▸ ACTION ITEM: The expected answer is the set of lines in the data below between the line holding "S \<in> tran_dual_fan" and the line holding "in a normal", inclusive, written out exactly.

▸ PROVIDED DATA:
Start of Block

(* Let $Q\subset V$ be a polytope and let $\mathscr V$ be the vertex set of some deformation of $Q$. Let $\mathrm{Def}(Q)|_{\mathscr V}=\{Q'\in\mathrm{Def}(Q): Q'\subseteq Q,\ \mathrm{Vert}(Q')\subseteq\mathscr V\}$, let $\min(\Sigma_Q^\vee)$ be the set of tangent cones of $Q$ at its vertices, let $X_{\mathscr V}=\{C+v: C\in\min(\Sigma_Q^\vee), v\in\mathscr V\}$, and define $\mathcal F_{\mathscr V}:\mathbb I(\mathrm{Def}(Q)|_{\mathscr V})\to\mathbb Z^{X_{\mathscr V}}$ by $\mathbf 1_P\mapsto\sum_{C+v\in X_{\mathscr V},\ C+v\text{ tightly contains }P}\mathbf e_{C+v}$. Then there is an injective $\mathbb Z$-linear map $\mathcal E_{\mathscr V}:\mathbb Z^{X_{\mathscr V}}\to\mathbb Z^{\oplus\mathrm{tran}(\Sigma_Q^\vee)}$ such that $\mathcal E_{\mathscr V}\circ\mathcal F_{\mathscr V}=\mathcal F\circ\iota$, where $\iota:\mathbb I(\mathrm{Def}(Q)|_{\mathscr V})\hookrightarrow\mathbb I(\mathrm{Def}^+(Q))$ is the inclusion and $\mathcal F:\mathbb I(\mathrm{Def}^+(Q))\to\mathbb Z^{\oplus\mathrm{tran}(\Sigma_Q^\vee)}$ is the map $\mathbf 1_P\mapsto\sum_{C+v\in\mathrm{tran}(\Sigma_Q^\vee),\ C+v\text{ tightly contains }P}\mathbf e_{C+v}$.
   Context: $V$ is a finite-dimensional real vector space. $\mathbb I(\mathscr P)$ is the $\mathbb Z$-span in $\mathbb Z^V$ of indicator functions $\mathbf 1_P$, $P\in\mathscr P$. For a polyhedron $Q$, $\Sigma_Q$ is its outer normal fan; the tangent cone at a face $F$ is $C_F=\mathrm{Cone}(v'-v\mid v\in F,v'\in Q)$; $\Sigma_Q^\vee$ is the set of tangent cones and $\mathrm{tran}(\Sigma_Q^\vee)=\{C+v:C\in\Sigma_Q^\vee,v\in V\}$. $P$ is an extended deformation of $Q$ if each cone of $\Sigma_P$ is a union of cones of $\Sigma_Q$ ($\mathrm{Def}^+(Q)$ = set of these), and a deformation if moreover $\Sigma_P$ and $\Sigma_Q$ have the same support ($\mathrm{Def}(Q)$ = set of these). $C+v$ tightly contains $P$ if $P\subseteq C+v$ and $P\cap(\mathrm{lineal}(C)+v)\ne\emptyset$. $\mathbb Z^{X}$ has basis $\{\mathbf e_x\}$. *)

theory Defs
  imports "HOL-Analysis.Analysis"
begin

definition normal_cone :: "'a::euclidean_space set \<Rightarrow> 'a set \<Rightarrow> 'a set" where
  "normal_cone P F = {u. \<forall>x\<in>F. \<forall>y\<in>P. u \<bullet> y \<le> u \<bullet> x}"

definition normal_fan :: "'a::euclidean_space set \<Rightarrow> 'a set set" where
  "normal_fan P = {normal_cone P F | F. F face_of P \<and> F \<noteq> {}}"

definition tangent_cone :: "'a::euclidean_space set \<Rightarrow> 'a set \<Rightarrow> 'a set" where
  "tangent_cone Q F = convex_cone hull {v' - v | v v'. v \<in> F \<and> v' \<in> Q}"

definition dual_fan :: "'a::euclidean_space set \<Rightarrow> 'a set set" where
  "dual_fan Q = {tangent_cone Q F | F. F face_of Q \<and> F \<noteq> {}}"

definition min_dual_fan :: "'a::euclidean_space set \<Rightarrow> 'a set set" where
  "min_dual_fan Q = {tangent_cone Q {v} | v. v extreme_point_of Q}"

definition tran_dual_fan :: "'a::euclidean_space set \<Rightarrow> 'a set set" where
  "tran_dual_fan Q = {(\<lambda>x. x + v) ` C | C v. C \<in> dual_fan Q}"

definition lineal :: "'a::real_vector set \<Rightarrow> 'a set" where
  "lineal C = C \<inter> uminus ` C"

definition tightly_contains :: "'a::real_vector set \<Rightarrow> 'a \<Rightarrow> 'a set \<Rightarrow> bool" where
  "tightly_contains C v P \<longleftrightarrow>
     P \<subseteq> (\<lambda>x. x + v) ` C \<and> P \<inter> (\<lambda>x. x + v) ` lineal C \<noteq> {}"

definition ext_deformations :: "'a::euclidean_space set \<Rightarrow> 'a set set" where
  "ext_deformations Q = {P. polyhedron P \<and> P \<noteq> {} \<and>
      (\<forall>N \<in> normal_fan P. \<exists>S \<subseteq> normal_fan Q. N = \<Union>S)}"

definition deformations :: "'a::euclidean_space set \<Rightarrow> 'a set set" where
  "deformations Q = {P \<in> ext_deformations Q. \<Union>(normal_fan P) = \<Union>(normal_fan Q)}"

definition vertices :: "'a::real_vector set \<Rightarrow> 'a set" where
  "vertices P = {x. x extreme_point_of P}"

definition deformations_restr :: "'a::euclidean_space set \<Rightarrow> 'a set \<Rightarrow> 'a set set" where
  "deformations_restr Q W = {Q' \<in> deformations Q. Q' \<subseteq> Q \<and> vertices Q' \<subseteq> W}"

definition X_set :: "'a::euclidean_space set \<Rightarrow> 'a set \<Rightarrow> 'a set set" where
  "X_set Q W = {(\<lambda>x. x + v) ` C | C v. C \<in> min_dual_fan Q \<and> v \<in> W}"

text \<open>The translate S (= C + v, C a tangent cone of Q) tightly contains P; independent of the
  chosen presentation S = C + v.\<close>
definition tight_translate :: "'a::euclidean_space set \<Rightarrow> 'a set \<Rightarrow> 'a set \<Rightarrow> bool" where
  "tight_translate Q S P \<longleftrightarrow>
     (\<exists>C v. C \<in> dual_fan Q \<and> S = (\<lambda>x. x + v) ` C \<and> tightly_contains C v P)"

text \<open>Images of the generators 1_P under F_W (into Z^X) and under F (into Z^(+)tran),
  as integer-valued functions on sets (basis vector e_S = indicator of the point S).\<close>
definition FW_gen :: "'a::euclidean_space set \<Rightarrow> 'a set \<Rightarrow> 'a set \<Rightarrow> 'a set \<Rightarrow> int" where
  "FW_gen Q W P = (\<lambda>S. if S \<in> X_set Q W \<and> tight_translate Q S P then 1 else 0)"

definition F_gen :: "'a::euclidean_space set \<Rightarrow> 'a set \<Rightarrow> 'a set \<Rightarrow> int" where
  "F_gen Q P = (\<lambda>S. if S \<in> tran_dual_fan Q \<and> tight_translate Q S P then 1 else 0)"

text \<open>Z^X as integer functions on sets vanishing off X; Z^(+)T as finitely supported ones vanishing off T.\<close>
definition int_funs_on :: "'b set \<Rightarrow> ('b \<Rightarrow> int) set" where
  "int_funs_on X = {f. \<forall>S. S \<notin> X \<longrightarrow> f S = 0}"

definition int_fin_funs_on :: "'b set \<Rightarrow> ('b \<Rightarrow> int) set" where
  "int_fin_funs_on T = {g. finite {S. g S \<noteq> 0} \<and> (\<forall>S. S \<notin> T \<longrightarrow> g S = 0)}"

end

theory Submission
  imports Defs
begin

text \<open>Fix, for every tangent cone \<open>C\<close> of \<open>Q\<close>, a vertex \<open>v\<^sub>C\<close> of the face at which it is
  taken, so that the vertex cone \<open>C\<^bsub>v\<^sub>C\<^esub>\<close> lies in \<open>C\<close>. The embedding sends \<open>e\<^bsub>C\<^sub>v + p\<^esub>\<close>
  to the sum of the \<open>e\<^bsub>C + p\<^esub>\<close> over all tangent cones \<open>C\<close> with \<open>v\<^sub>C = v\<close>. Vertex cones
  are pointed, so a translate \<open>C\<^sub>v + p\<close> determines \<open>p\<close>; hence the coordinate of the image at a
  point of \<open>X\<close> is the original coordinate, and the embedding is injective.

  For a deformation \<open>P\<close> of \<open>Q\<close> and a vertex \<open>v\<close> of \<open>Q\<close>, the normal cone of \<open>Q\<close> at \<open>v\<close> lies
  in a normal cone of \<open>P\<close> at some face; by separation any point \<open>p\<close> of that face satisfies
  \<open>P \<subseteq> C\<^sub>v + p\<close>. Such a \<open>p\<close> is unique and a vertex of \<open>P\<close>. A translate \<open>C + a\<close> then
  tightly contains \<open>P\<close> iff \<open>C + a = C + p\<close> for the point \<open>p\<close> belonging to \<open>v\<^sub>C\<close>, i.e. iff
  exactly one of the summands of the image of \<open>F\<^sub>V(1\<^sub>P)\<close> at \<open>C + a\<close> is \<open>1\<close>.\<close>

lemma convex_cone_tangent_cone: "convex_cone (tangent_cone Q F)"
  unfolding tangent_cone_def by (simp add: convex_cone_convex_cone_hull)

lemma convex_cone_dual_fan: "C \<in> dual_fan Q \<Longrightarrow> convex_cone C"
  unfolding dual_fan_def using convex_cone_tangent_cone by blast

lemma lineal_iff: "d \<in> lineal C \<longleftrightarrow> d \<in> C \<and> - d \<in> C"
  unfolding lineal_def by (force simp: image_iff)

lemma translate_convex_cone_eq_iff:
  fixes C C' :: "'a::real_vector set"
  assumes C: "convex_cone C" and C': "convex_cone C'"
  shows "(\<lambda>x. x + d) ` C = C' \<longleftrightarrow> C' = C \<and> d \<in> lineal C"
proof
  assume eq: "(\<lambda>x. x + d) ` C = C'"
  have "d \<in> C'" using convex_cone_contains_0[OF C] eq by force
  have "0 \<in> C'" using convex_cone_contains_0[OF C'] .
  then obtain c where "c \<in> C" "0 = c + d" using eq by blast
  then have md: "- d \<in> C" by (metis add.commute add_eq_0_iff)
  have "2 *\<^sub>R d \<in> C'" using convex_cone_scaleR[OF C' _ \<open>d \<in> C'\<close>] by simp
  then obtain c where "c \<in> C" "2 *\<^sub>R d = c + d" using eq by blast
  then have d: "d \<in> C" by (simp add: scaleR_2)
  have "C' \<subseteq> C" using eq convex_cone_add[OF C _ d] by blast
  moreover have "C \<subseteq> C'"
  proof
    fix c assume "c \<in> C"
    then have "c + - d \<in> C" using convex_cone_add[OF C _ md] by blast
    then show "c \<in> C'" using eq by force
  qed
  ultimately show "C' = C \<and> d \<in> lineal C" using d md lineal_iff by blast
next
  assume "C' = C \<and> d \<in> lineal C"
  then have C'C: "C' = C" and d: "d \<in> C" "- d \<in> C" using lineal_iff by auto
  have "(\<lambda>x. x + d) ` C \<subseteq> C" using convex_cone_add[OF C _ d(1)] by blast
  moreover have "C \<subseteq> (\<lambda>x. x + d) ` C"
  proof
    fix c assume "c \<in> C"
    then have "c + - d \<in> C" using convex_cone_add[OF C _ d(2)] by blast
    then show "c \<in> (\<lambda>x. x + d) ` C" by force
  qed
  ultimately show "(\<lambda>x. x + d) ` C = C'" using C'C by blast
qed

lemma translates_convex_cone_eq_iff:
  fixes C C' :: "'a::real_vector set"
  assumes "convex_cone C" and "convex_cone C'"
  shows "(\<lambda>x. x + a) ` C = (\<lambda>x. x + b) ` C' \<longleftrightarrow> C' = C \<and> a - b \<in> lineal C"
proof -
  have "(\<lambda>x. x + a) ` C = (\<lambda>x. x + b) ` ((\<lambda>x. x + (a - b)) ` C)"
    by (simp add: image_image algebra_simps)
  moreover have "inj (\<lambda>x::'a. x + b)" by (simp add: inj_on_def)
  ultimately have "(\<lambda>x. x + a) ` C = (\<lambda>x. x + b) ` C' \<longleftrightarrow> (\<lambda>x. x + (a - b)) ` C = C'"
    by (simp add: inj_image_eq_iff)
  then show ?thesis using translate_convex_cone_eq_iff[OF assms] by simp
qed

lemma closed_convex_cone_separation:
  fixes C :: "'a::euclidean_space set"
  assumes C: "convex_cone C" and cl: "closed C" and z: "z \<notin> C"
  shows "\<exists>u. (\<forall>c\<in>C. u \<bullet> c \<le> 0) \<and> u \<bullet> z > 0"
proof -
  have "convex C" using C by (simp add: convex_cone_def)
  then obtain a b where ab: "a \<bullet> z < b" "\<forall>x\<in>C. a \<bullet> x > b"
    using separating_hyperplane_closed_point[OF _ cl z] by blast
  have b: "b < 0" using ab convex_cone_contains_0[OF C] by force
  have "a \<bullet> c \<ge> 0" if c: "c \<in> C" for c
  proof (rule ccontr)
    assume neg: "\<not> 0 \<le> a \<bullet> c"
    define t where "t = b / (a \<bullet> c) + 1"
    have "b / (a \<bullet> c) > 0" using neg b by (simp add: divide_neg_neg)
    then have "t *\<^sub>R c \<in> C" using convex_cone_scaleR[OF C _ c] unfolding t_def by simp
    then have "a \<bullet> (t *\<^sub>R c) > b" using ab by blast
    moreover have "a \<bullet> (t *\<^sub>R c) = b + a \<bullet> c" using neg unfolding t_def
      by (simp add: algebra_simps)
    ultimately show False using neg by simp
  qed
  then show ?thesis using ab b by (intro exI[of _ "-a"]) auto
qed

lemma polytope_vertex_strictly_exposed:
  fixes Q :: "'a::euclidean_space set"
  assumes "polytope Q" "v extreme_point_of Q"
  shows "\<exists>N. \<forall>q\<in>Q. q \<noteq> v \<longrightarrow> N \<bullet> q < N \<bullet> v"
proof -
  have "{v} exposed_face_of Q"
    using assms exposed_face_of_polyhedron polytope_imp_polyhedron face_of_singleton by blast
  then obtain a b where ab: "Q \<subseteq> {x. a \<bullet> x \<le> b}" "{v} = Q \<inter> {x. a \<bullet> x = b}"
    unfolding exposed_face_of_def by blast
  have "a \<bullet> v = b" using ab(2) by blast
  moreover have "a \<bullet> q < b" if "q \<in> Q" "q \<noteq> v" for q
  proof -
    have "a \<bullet> q \<le> b" "a \<bullet> q \<noteq> b" using ab that by auto
    then show ?thesis by simp
  qed
  ultimately show ?thesis by auto
qed

lemma tangent_cone_vertex_subset:
  assumes N: "\<forall>q\<in>Q. q \<noteq> v \<longrightarrow> N \<bullet> q < N \<bullet> v"
  shows "tangent_cone Q {v} \<subseteq> {c. c = 0 \<or> N \<bullet> c < 0}"
  unfolding tangent_cone_def
proof (rule hull_minimal)
  show "{v' - x |x v'. x \<in> {v} \<and> v' \<in> Q} \<subseteq> {c. c = 0 \<or> N \<bullet> c < 0}"
    using N by (auto simp: inner_diff_right)
  show "convex_cone {c. c = 0 \<or> N \<bullet> c < 0}"
    unfolding convex_cone_iff
  proof (intro conjI ballI allI impI)
    fix x y assume "x \<in> {c. c = 0 \<or> N \<bullet> c < 0}" "y \<in> {c. c = 0 \<or> N \<bullet> c < 0}"
    then show "x + y \<in> {c. c = 0 \<or> N \<bullet> c < 0}" by (auto simp: inner_add_right)
  next
    fix x and c :: real assume "x \<in> {c. c = 0 \<or> N \<bullet> c < 0}" "0 \<le> c"
    then show "c *\<^sub>R x \<in> {c. c = 0 \<or> N \<bullet> c < 0}"
      by (cases "c = 0") (auto simp: mult_pos_neg)
  qed simp
qed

End of Block

▸ WRITTEN SOLUTION:
  "F_gen Q P = (\<lambda>S. if S \<in> tran_dual_fan Q \<and> tight_translate Q S P then 1 else 0)"

text \<open>Z^X as integer functions on sets vanishing off X; Z^(+)T as finitely supported ones vanishing off T.\<close>
definition int_funs_on :: "'b set \<Rightarrow> ('b \<Rightarrow> int) set" where
  "int_funs_on X = {f. \<forall>S. S \<notin> X \<longrightarrow> f S = 0}"

definition int_fin_funs_on :: "'b set \<Rightarrow> ('b \<Rightarrow> int) set" where
  "int_fin_funs_on T = {g. finite {S. g S \<noteq> 0} \<and> (\<forall>S. S \<notin> T \<longrightarrow> g S = 0)}"

end

theory Submission
  imports Defs
begin

text \<open>Fix, for every tangent cone \<open>C\<close> of \<open>Q\<close>, a vertex \<open>v\<^sub>C\<close> of the face at which it is
  taken, so that the vertex cone \<open>C\<^bsub>v\<^sub>C\<^esub>\<close> lies in \<open>C\<close>. The embedding sends \<open>e\<^bsub>C\<^sub>v + p\<^esub>\<close>
  to the sum of the \<open>e\<^bsub>C + p\<^esub>\<close> over all tangent cones \<open>C\<close> with \<open>v\<^sub>C = v\<close>. Vertex cones
  are pointed, so a translate \<open>C\<^sub>v + p\<close> determines \<open>p\<close>; hence the coordinate of the image at a
  point of \<open>X\<close> is the original coordinate, and the embedding is injective.

  For a deformation \<open>P\<close> of \<open>Q\<close> and a vertex \<open>v\<close> of \<open>Q\<close>, the normal cone of \<open>Q\<close> at \<open>v\<close> lies
  in a normal cone of \<open>P\<close> at some face; by separation any point \<open>p\<close> of that face satisfies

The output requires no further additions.